### [Instructions for the task]
Search the lines of the records for the word "dots", and copy every line that has it.

Stored data entries:
================

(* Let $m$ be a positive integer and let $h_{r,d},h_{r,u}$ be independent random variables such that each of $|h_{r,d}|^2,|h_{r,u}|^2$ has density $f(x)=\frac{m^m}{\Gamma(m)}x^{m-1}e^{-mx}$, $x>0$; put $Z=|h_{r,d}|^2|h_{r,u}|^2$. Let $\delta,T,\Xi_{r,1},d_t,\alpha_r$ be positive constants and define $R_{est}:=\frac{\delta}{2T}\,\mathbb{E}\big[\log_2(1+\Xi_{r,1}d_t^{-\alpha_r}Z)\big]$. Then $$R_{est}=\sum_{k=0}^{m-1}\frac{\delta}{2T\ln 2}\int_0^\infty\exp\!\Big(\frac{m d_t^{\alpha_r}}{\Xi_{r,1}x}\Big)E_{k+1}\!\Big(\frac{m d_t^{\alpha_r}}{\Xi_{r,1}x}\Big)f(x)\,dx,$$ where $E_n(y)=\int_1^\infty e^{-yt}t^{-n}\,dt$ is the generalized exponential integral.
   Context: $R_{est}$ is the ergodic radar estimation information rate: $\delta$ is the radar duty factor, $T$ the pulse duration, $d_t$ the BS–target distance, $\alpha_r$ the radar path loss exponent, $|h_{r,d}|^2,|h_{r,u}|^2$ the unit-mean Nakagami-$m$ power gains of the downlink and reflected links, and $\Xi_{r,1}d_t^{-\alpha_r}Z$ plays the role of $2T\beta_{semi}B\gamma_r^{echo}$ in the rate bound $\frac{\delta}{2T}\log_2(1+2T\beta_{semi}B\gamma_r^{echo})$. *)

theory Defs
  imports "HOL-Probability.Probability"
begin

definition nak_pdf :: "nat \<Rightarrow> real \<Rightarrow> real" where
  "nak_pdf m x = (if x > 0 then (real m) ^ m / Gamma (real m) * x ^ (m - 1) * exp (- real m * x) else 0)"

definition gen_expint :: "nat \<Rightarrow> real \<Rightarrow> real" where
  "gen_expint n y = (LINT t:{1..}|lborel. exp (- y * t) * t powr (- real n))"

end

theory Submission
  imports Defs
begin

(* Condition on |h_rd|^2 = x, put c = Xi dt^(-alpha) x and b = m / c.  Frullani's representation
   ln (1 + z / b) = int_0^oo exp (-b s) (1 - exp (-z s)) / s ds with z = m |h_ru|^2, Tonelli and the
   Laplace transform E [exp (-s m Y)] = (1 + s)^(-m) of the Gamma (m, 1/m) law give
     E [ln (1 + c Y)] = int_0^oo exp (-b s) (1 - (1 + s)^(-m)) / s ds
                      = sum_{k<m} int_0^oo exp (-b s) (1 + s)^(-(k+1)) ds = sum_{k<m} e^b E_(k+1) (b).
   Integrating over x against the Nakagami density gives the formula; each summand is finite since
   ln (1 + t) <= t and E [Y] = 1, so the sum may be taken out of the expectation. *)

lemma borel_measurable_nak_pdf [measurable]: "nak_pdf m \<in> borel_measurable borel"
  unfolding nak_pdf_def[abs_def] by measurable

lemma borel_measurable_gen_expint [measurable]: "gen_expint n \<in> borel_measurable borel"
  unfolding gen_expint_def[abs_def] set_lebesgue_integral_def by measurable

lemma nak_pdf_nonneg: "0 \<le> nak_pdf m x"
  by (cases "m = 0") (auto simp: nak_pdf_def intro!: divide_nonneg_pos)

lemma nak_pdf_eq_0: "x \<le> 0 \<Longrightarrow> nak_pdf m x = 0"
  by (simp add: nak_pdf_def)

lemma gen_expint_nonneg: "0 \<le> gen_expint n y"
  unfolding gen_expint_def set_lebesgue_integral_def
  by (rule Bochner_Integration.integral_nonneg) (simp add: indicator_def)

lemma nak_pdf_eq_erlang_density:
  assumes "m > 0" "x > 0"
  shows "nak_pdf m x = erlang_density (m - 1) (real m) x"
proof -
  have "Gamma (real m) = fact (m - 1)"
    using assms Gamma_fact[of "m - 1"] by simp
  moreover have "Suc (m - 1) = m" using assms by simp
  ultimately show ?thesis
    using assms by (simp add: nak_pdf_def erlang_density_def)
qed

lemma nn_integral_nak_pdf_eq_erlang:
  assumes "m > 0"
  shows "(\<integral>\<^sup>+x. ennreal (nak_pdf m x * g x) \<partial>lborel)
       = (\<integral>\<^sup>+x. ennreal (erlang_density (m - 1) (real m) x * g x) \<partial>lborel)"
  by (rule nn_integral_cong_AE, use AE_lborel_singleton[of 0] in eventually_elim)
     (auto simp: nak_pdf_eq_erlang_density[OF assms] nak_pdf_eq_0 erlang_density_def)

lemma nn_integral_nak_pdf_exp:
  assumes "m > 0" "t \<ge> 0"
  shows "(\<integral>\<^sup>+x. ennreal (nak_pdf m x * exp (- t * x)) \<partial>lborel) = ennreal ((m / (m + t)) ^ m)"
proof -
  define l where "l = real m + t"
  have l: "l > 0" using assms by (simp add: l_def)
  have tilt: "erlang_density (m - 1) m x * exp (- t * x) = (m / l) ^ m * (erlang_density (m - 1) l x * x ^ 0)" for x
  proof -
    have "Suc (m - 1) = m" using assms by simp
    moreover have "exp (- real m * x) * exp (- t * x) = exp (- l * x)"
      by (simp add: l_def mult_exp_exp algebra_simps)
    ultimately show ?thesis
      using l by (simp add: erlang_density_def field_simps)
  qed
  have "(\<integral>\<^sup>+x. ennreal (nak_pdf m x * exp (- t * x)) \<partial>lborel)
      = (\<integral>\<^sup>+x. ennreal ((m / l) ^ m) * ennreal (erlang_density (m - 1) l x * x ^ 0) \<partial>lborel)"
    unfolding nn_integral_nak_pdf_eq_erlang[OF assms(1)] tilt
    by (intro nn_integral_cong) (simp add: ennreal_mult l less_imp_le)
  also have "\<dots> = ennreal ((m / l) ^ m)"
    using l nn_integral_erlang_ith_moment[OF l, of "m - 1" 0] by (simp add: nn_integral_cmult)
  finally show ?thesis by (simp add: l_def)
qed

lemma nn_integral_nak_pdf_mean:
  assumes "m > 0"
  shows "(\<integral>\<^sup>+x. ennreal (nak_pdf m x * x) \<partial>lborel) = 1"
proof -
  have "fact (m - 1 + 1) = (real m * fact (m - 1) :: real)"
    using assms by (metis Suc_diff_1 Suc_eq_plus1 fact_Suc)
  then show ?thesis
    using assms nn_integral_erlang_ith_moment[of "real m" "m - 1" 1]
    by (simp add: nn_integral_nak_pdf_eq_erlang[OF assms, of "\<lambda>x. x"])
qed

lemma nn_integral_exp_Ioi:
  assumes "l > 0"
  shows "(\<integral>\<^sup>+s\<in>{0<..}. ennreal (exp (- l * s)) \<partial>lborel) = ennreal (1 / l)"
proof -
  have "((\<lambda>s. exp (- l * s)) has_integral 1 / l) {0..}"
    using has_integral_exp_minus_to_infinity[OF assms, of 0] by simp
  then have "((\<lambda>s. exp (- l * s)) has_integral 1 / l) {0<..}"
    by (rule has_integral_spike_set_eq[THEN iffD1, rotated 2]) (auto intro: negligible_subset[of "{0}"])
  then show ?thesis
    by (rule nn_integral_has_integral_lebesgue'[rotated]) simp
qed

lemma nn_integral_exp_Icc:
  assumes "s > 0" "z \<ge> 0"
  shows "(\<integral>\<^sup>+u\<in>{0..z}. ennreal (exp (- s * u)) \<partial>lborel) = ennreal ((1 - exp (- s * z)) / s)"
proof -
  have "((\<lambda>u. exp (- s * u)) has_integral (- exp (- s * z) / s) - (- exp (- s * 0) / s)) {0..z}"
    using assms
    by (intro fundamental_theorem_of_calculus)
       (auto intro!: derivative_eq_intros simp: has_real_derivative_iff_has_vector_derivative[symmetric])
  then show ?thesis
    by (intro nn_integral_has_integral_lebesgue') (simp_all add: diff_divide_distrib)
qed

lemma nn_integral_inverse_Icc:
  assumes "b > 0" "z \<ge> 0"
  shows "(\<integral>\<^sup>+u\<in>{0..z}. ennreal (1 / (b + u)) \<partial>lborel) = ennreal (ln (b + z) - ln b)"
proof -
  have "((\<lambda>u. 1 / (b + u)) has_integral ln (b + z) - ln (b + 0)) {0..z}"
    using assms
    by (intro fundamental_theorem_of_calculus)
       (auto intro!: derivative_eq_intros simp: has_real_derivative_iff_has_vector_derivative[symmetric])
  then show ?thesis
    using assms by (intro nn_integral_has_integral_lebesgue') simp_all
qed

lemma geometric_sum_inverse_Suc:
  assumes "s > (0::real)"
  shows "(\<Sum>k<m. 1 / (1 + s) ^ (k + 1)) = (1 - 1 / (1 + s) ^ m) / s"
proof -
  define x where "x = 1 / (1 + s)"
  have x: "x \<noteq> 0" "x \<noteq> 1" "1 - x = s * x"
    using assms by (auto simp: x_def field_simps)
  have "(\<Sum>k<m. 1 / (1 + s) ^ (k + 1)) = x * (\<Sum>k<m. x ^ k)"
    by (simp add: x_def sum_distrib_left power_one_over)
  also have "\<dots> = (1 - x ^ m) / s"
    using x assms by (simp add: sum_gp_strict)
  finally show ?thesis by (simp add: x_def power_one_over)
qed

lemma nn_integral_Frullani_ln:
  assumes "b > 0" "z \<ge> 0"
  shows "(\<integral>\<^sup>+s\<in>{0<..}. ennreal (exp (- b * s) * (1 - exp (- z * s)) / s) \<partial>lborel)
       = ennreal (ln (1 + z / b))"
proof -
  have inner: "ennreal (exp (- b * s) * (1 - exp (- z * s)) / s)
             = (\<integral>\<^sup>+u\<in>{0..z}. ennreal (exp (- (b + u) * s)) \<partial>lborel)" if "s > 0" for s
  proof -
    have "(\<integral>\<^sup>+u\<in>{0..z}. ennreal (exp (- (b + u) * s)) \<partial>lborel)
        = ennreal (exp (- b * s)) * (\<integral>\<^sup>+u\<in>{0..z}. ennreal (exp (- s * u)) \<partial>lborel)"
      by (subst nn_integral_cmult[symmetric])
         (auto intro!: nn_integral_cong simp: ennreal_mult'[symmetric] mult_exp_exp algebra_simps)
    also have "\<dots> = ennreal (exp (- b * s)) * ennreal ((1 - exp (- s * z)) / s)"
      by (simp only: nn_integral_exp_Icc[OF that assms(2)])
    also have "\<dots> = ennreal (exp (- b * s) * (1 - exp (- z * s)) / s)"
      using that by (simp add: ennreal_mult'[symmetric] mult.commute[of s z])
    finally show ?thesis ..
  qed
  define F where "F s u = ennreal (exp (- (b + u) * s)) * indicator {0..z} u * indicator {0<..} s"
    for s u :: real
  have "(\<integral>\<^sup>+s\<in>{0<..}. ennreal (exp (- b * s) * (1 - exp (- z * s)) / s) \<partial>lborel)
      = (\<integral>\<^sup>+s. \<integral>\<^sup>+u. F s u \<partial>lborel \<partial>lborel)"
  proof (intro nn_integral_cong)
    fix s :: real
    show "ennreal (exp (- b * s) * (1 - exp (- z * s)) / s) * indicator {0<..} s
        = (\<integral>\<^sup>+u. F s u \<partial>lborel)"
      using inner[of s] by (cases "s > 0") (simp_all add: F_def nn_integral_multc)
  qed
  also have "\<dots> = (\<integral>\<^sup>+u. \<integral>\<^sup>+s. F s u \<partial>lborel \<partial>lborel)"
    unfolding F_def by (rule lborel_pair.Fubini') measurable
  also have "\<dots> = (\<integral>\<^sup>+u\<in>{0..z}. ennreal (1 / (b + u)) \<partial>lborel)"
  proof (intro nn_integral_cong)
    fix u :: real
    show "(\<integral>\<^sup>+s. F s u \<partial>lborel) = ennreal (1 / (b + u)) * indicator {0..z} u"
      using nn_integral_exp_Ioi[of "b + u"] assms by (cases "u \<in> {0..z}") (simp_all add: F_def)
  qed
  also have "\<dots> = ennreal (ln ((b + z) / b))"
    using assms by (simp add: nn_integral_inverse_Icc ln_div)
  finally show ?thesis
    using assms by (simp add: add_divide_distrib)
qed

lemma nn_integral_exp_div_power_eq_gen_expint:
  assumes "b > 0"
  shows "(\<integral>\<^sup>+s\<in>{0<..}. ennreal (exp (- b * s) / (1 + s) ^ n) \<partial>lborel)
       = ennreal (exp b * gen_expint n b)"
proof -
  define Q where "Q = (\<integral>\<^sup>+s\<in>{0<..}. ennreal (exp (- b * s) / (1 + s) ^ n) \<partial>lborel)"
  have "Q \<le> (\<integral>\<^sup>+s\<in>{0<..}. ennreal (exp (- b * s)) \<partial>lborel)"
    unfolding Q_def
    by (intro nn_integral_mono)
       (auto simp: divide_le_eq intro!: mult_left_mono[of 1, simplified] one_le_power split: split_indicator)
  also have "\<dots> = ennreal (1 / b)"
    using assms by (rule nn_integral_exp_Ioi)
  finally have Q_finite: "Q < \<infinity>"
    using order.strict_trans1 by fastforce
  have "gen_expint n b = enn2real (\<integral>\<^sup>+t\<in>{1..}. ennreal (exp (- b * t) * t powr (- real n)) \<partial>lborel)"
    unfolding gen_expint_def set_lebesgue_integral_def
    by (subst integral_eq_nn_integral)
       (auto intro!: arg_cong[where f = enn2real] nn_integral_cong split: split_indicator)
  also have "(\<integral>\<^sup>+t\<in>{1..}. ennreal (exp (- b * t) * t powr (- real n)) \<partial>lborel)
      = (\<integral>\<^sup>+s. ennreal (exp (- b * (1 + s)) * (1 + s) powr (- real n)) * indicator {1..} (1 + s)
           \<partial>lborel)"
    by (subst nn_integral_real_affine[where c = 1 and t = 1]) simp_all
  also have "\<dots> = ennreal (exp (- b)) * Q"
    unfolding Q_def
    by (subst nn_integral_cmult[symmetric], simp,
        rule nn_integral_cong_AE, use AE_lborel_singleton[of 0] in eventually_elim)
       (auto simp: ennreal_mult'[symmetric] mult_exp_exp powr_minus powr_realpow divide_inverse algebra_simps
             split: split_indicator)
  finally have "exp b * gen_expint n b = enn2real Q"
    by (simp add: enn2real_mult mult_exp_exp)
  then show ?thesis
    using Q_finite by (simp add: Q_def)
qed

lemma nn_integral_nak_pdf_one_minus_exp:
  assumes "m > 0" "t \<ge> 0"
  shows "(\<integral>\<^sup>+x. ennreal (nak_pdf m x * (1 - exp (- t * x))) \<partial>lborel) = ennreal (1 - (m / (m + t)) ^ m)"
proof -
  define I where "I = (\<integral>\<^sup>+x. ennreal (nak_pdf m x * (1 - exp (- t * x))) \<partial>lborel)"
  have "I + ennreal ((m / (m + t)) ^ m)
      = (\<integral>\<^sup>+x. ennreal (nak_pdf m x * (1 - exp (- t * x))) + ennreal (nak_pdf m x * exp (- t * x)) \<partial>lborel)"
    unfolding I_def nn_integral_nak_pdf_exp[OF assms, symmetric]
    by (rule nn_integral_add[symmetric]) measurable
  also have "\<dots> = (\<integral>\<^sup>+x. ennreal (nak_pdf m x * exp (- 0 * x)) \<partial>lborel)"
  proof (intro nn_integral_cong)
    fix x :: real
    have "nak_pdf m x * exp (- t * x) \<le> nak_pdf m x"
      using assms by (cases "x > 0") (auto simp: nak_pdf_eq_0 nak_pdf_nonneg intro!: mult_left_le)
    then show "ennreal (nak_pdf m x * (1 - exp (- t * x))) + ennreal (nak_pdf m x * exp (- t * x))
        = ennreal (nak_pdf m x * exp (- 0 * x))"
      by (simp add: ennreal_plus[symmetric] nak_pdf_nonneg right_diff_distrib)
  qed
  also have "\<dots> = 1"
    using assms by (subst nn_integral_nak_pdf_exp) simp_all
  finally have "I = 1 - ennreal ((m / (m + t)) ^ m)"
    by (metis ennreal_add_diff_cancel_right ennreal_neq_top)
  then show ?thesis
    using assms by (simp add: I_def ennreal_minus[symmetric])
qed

================

### [Solved exercise]
  also have "\<dots> = ennreal ((m / l) ^ m)"
  also have "\<dots> = (1 - x ^ m) / s"
    also have "\<dots> = ennreal (exp (- b * s)) * ennreal ((1 - exp (- s * z)) / s)"
    also have "\<dots> = ennreal (exp (- b * s) * (1 - exp (- z * s)) / s)"
  also have "\<dots> = (\<integral>\<^sup>+u. \<integral>\<^sup>+s. F s u \<partial>lborel \<partial>lborel)"
  also have "\<dots> = (\<integral>\<^sup>+u\<in>{0..z}. ennreal (1 / (b + u)) \<partial>lborel)"
  also have "\<dots> = ennreal (ln ((b + z) / b))"
  also have "\<dots> = ennreal (1 / b)"
  also have "\<dots> = ennreal (exp (- b)) * Q"
  also have "\<dots> = (\<integral>\<^sup>+x. ennreal (nak_pdf m x * exp (- 0 * x)) \<partial>lborel)"
  also have "\<dots> = 1"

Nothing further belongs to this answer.